[ad_1]
Carlina Teteris | instant | Getty Images
Roth accounts are available in more 401 (k) plans than ever before. Savers for retirement don’t rush.
About 75% of employers with a 401 (k) workplace allowed employees to save money on a Roth account in 2019, up from 69% the year before and 46% a decade earlier, according to the latest data. most recent from the Plan Sponsor Council of America. .
Yet the share of 401 (k) investors saving in a Roth account remains stubbornly low.
About a quarter of 401 (k) investors do – a share that has been fairly stable in recent years, according to Nevin Adams, head of research at the American Retirement Association, a trade group that includes the Council.
More from Personal Finance:
Social Security Cost of Living Adjustment May Not Increase Retiree Budgets
Half of young investors have invested their stimulus money
Private foundation, donor advised fund, or both?
A Roth 401 (k) is a type of after-tax account. Savers pay tax up front on contributions; they pay no tax on contributions or investment income when they withdraw funds in retirement.
This is different from traditional pre-tax savings, where savers get tax relief up front but pay later. Workers can contribute up to $ 19,500 to their 401 (k) this year between the two types of accounts. (People 50 and over can save an additional $ 6,500.)
“We have found that the Roth is so underutilized,” said Ellen Lander, director and founder of Renaissance Benefit Advisors Group, based in Pearl River, New York. “It’s amazing to me how many misunderstandings there are.”
Benefits of Roth
Roth 401 (k) contributions make sense to investors who are likely in a lower tax bracket than they were when they retired. (They would build up a bigger nest egg by paying taxes now at lower rates.)
Of course, it is impossible to know what the tax rates will be or his exact financial position in retirement, which may be decades away.
However, there are a few guiding principles. For example, Roth accounts will generally make sense to young people, especially those new to the workforce, who will likely have their highest paying years ahead of them.
“It might be the best decision they make,” Lander said. “If you have the ability to capitalize your money for 20 to 30 years tax-free, that’s huge.”
Some may avoid a Roth because they assume their expenses – and therefore their tax bracket – will go down when they retire. But that doesn’t always happen, according to financial advisers.
And Roth accounts have benefits beyond tax savings.
On the one hand, savers do not need to withdraw the required minimum distributions from Roth accounts, unlike traditional pre-tax 401 (k) accounts. Savers can also reduce their Medicare Part B premiums, which are based on taxable income at retirement; Roth accounts, which generate tax-free income, can help keep income below certain thresholds above which premiums can rise dramatically.
Some advisers recommend earmarking both pre-tax and Roth 401 (k) savings, regardless of age, as coverage. About 70% of 401 (k) plans allow both, according to the Plan Sponsor Council of America.

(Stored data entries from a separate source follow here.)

(* Let $N_1\ge N_2$, $N_3$, $T$ be nonnegative integers with $T\ge N_1+N_3$. For $i\in\{1,2\}$ let $\tilde T_i$ be a maximizer over $T'\in\{N_i,\dots,T-N_3\}$ of $\min\left(\frac{T'+1-N_i}{T'+1},\frac{T-T'+1-N_3}{T-T'+1}\right)$. For all positive integers $A,B$, set $$k_1=A(T-\tilde T_1+1-N_3)(\tilde T_1+1-N_1),\quad k_2=B(T-\tilde T_2+1-N_3)(\tilde T_2+1-N_2),$$ $$n=\max\Big(A(\tilde T_1+1)(T-\tilde T_1+1-N_3),\;B(\tilde T_2+1)(T-\tilde T_2+1-N_3),\;A(T-\tilde T_1+1)(\tilde T_1+1-N_1)+B(T-\tilde T_2+1)(\tilde T_2+1-N_2)\Big).$$ Then the rate pair $(R_1,R_2)=(k_1/n,\,k_2/n)$ is achievable.
   Context: Network: two sources, one relay, one destination; no direct source–destination link. Source $i\in\{1,2\}$ has messages $s_{t,i}\in\mathbb{F}^{k_i}$, $t\ge0$, over a finite field $\mathbb{F}$. A time-invariant $(n_1,n_2,n_3,k_1,k_2,T)_{\mathbb{F}}$ streaming code (unbounded memory): source $i$ sends at time $t$ a packet $x^{(1)}_{t,i}\in\mathbb{F}^{n_i}$, a fixed function of $s_{0,i},\dots,s_{t,i}$; a relay function $g$, the same at every time $t$, takes the packets received from both sources at times $t-T,\dots,t$ together with the relay's previously produced estimates of past source messages, and outputs a packet $x^{(2)}_t\in\mathbb{F}^{n_3}$ and estimates of $s_{t-T,1},s_{t-T,2}$; the destination outputs at time $t+T$ estimates $\hat s_{t,i}$ from its received packets up to time $t+T$. Each link is a packet erasure channel (received packet is the sent one or the erasure symbol $*$). An $N$-erasure sequence has exactly $N$ erased times; link source $i\to$relay suffers an arbitrary $N_i$-erasure sequence, relay$\to$destination an arbitrary $N_3$-erasure sequence. The code is $(N_1,N_2,N_3)$-achievable if $\hat s_{t,i}=s_{t,i}$ always. Rate pair: $R_i=k_i/n$, $n=\max(n_1,n_2,n_3)$; a rate pair is achievable if it is the rate pair of some $(N_1,N_2,N_3)$-achievable code (over some finite field). *)

theory Defs
  imports "HOL-Algebra.Ring" Complex_Main
begin

text \<open>Symbols of the finite field F are elements of carrier F, where F :: nat ring
  (every finite field is isomorphic to one whose carrier is a set of naturals).
  A received packet is an option: None is the erasure symbol *.\<close>

type_synonym vec = "nat list"
type_synonym rx = "vec option"

definition vecs :: "nat ring \<Rightarrow> nat \<Rightarrow> vec set" where
  "vecs F k = {v. length v = k \<and> set v \<subseteq> carrier F}"

text \<open>Relay function g: input = window of packets received from (source 1, source 2) at
  times t-T,...,t (entry None stands for a time before 0, i.e. nonexistent),
  and the list of the relay's previous estimates (of s_{0}, ..., s_{t-1-T});
  output = (relay packet x^(2)_t, estimate of s_{t-T,1}, estimate of s_{t-T,2}).\<close>

type_synonym relay_fn = "(rx \<times> rx) option list \<Rightarrow> (vec \<times> vec) list \<Rightarrow> vec \<times> vec \<times> vec"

“It’s not just about taxes, it’s about flexibility,” Lander said. “We were taught to diversify investments.
“We should diversify our tax strategy.
Roadblocks
Despite the benefits, there are several reasons why people may not make Roth contributions.
Auto-enrollment has become a popular feature of 401 (k) plans – around 60% of plans use it. Often companies don’t set Roth savings as the default option, which means employees should proactively change their allocation.
“Where is all the new money going?” Adamas said, referring to the automatic enrollment. “Everything is in the default values.
“As far as tax treatment is concerned, it comes before tax.”
Additionally, employers that match 401 (k) savings do so in the pre-tax savings compartment.
Employees may also not be aware of the Roth option; if they are, inertia can be a stumbling block for action.
High incomes may mistakenly think that there are income limits for contributing to a Roth 401 (k), as is the case with a Roth individual retirement account. But this is not the case.
Others are hesitant because they believe Congress will change tax rules in the future and double previously taxed Roth funds, Adams said.
“They fear the government will change its mind,” he said. “I think that’s a distant concern.
“But people are very worried all the time.”